▸ **Goal of the exercise**
Read the entries below and pull out each line with the string "notin".
(Material provided)
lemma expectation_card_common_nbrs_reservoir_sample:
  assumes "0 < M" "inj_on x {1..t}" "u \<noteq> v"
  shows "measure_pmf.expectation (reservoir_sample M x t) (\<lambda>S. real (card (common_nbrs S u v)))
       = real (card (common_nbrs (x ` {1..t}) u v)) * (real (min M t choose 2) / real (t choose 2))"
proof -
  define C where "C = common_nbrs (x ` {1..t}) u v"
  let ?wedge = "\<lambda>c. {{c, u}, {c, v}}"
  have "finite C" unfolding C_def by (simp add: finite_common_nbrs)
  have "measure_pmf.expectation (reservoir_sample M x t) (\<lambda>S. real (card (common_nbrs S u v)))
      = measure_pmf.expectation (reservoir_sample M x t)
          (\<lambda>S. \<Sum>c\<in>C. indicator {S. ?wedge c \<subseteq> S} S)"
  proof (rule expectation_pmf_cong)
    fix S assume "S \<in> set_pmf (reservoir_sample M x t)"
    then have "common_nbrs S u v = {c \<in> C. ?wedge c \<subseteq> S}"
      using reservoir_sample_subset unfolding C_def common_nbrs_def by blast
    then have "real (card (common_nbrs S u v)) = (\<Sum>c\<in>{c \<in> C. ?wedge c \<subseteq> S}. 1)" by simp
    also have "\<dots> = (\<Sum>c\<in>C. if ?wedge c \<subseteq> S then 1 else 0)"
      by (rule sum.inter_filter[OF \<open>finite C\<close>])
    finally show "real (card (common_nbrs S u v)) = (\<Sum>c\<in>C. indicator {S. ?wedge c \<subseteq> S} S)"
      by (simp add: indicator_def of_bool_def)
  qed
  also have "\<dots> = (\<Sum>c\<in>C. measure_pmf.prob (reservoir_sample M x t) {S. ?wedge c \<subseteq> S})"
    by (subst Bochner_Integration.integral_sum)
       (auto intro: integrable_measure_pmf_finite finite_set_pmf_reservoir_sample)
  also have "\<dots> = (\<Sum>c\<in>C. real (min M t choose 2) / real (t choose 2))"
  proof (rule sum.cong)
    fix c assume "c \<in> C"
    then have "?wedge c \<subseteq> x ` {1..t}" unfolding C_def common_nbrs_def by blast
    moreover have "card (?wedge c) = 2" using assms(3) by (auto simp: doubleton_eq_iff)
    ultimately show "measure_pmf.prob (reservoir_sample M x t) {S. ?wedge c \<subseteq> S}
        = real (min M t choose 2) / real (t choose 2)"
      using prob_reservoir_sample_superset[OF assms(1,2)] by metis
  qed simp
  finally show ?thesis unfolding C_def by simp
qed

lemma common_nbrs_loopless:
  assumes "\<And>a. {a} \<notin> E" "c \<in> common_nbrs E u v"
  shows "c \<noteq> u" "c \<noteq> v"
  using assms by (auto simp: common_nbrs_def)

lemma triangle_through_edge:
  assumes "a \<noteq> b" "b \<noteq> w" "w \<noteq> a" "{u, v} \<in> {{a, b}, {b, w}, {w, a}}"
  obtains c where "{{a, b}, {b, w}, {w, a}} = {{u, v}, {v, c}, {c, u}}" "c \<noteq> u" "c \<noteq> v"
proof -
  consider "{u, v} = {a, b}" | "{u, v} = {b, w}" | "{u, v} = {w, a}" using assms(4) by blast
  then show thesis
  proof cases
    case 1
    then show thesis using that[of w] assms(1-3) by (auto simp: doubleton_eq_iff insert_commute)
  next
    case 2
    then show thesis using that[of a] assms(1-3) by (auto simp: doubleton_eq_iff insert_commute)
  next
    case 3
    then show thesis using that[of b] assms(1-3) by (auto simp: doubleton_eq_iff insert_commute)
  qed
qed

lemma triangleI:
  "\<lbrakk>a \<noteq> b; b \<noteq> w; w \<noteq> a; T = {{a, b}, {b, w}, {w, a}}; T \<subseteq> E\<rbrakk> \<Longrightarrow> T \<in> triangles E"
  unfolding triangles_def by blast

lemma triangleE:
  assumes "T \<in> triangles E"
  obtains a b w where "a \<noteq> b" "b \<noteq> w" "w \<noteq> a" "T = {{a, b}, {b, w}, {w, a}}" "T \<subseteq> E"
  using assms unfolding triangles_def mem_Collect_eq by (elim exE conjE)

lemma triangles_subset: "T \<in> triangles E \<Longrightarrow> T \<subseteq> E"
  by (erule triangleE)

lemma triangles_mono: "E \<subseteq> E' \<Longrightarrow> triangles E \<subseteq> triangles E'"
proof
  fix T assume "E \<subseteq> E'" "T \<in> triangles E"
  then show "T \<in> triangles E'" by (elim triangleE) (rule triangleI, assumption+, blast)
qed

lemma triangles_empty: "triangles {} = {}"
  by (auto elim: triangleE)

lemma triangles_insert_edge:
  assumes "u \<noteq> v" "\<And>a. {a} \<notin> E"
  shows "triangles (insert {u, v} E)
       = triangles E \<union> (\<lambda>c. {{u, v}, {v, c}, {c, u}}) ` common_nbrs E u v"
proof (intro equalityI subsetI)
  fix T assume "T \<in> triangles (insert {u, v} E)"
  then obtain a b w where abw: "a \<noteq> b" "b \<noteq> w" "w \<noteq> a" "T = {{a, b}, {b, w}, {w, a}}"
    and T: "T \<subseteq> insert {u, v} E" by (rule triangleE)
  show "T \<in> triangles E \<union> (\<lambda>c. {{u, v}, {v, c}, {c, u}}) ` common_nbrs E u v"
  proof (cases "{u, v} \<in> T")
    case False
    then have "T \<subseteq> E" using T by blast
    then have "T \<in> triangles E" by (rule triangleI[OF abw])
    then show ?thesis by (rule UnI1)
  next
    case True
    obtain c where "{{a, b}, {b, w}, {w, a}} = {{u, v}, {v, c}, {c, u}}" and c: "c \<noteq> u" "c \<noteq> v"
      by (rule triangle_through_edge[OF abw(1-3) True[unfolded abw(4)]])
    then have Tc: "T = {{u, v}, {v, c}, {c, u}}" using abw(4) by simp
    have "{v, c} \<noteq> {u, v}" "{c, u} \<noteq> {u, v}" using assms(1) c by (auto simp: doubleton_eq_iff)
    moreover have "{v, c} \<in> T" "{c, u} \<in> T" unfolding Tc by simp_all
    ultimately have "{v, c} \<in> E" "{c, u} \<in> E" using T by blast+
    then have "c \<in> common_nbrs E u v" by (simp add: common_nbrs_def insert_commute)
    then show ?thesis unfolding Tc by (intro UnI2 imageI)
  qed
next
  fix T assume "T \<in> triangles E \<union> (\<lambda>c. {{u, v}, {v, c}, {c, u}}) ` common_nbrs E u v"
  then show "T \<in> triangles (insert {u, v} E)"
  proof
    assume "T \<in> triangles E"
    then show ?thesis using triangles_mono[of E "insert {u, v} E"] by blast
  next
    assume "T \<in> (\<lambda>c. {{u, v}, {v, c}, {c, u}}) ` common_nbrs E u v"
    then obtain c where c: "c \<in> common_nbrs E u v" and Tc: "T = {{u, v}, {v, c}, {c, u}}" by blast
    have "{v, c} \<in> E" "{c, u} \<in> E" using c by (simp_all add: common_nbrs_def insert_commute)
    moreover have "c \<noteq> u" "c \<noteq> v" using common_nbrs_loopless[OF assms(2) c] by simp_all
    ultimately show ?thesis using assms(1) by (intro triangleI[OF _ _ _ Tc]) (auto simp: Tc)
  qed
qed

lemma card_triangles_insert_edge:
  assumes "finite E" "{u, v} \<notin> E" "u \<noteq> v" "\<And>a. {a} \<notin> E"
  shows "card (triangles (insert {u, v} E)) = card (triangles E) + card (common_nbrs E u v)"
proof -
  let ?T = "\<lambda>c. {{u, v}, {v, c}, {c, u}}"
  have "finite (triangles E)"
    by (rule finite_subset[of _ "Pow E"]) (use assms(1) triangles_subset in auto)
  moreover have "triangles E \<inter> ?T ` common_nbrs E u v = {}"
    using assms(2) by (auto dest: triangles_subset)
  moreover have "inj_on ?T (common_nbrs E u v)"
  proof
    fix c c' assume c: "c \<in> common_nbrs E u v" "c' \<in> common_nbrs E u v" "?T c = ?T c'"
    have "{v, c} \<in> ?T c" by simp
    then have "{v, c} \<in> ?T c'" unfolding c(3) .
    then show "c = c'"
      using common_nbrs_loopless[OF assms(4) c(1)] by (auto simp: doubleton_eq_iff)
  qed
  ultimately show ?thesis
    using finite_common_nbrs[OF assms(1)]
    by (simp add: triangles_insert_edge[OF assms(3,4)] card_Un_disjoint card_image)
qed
(End Material provided)
▸ **Worked solution**
  assumes "\<And>a. {a} \<notin> E" "c \<in> common_nbrs E u v"
  assumes "u \<noteq> v" "\<And>a. {a} \<notin> E"
  assumes "finite E" "{u, v} \<notin> E" "u \<noteq> v" "\<And>a. {a} \<notin> E"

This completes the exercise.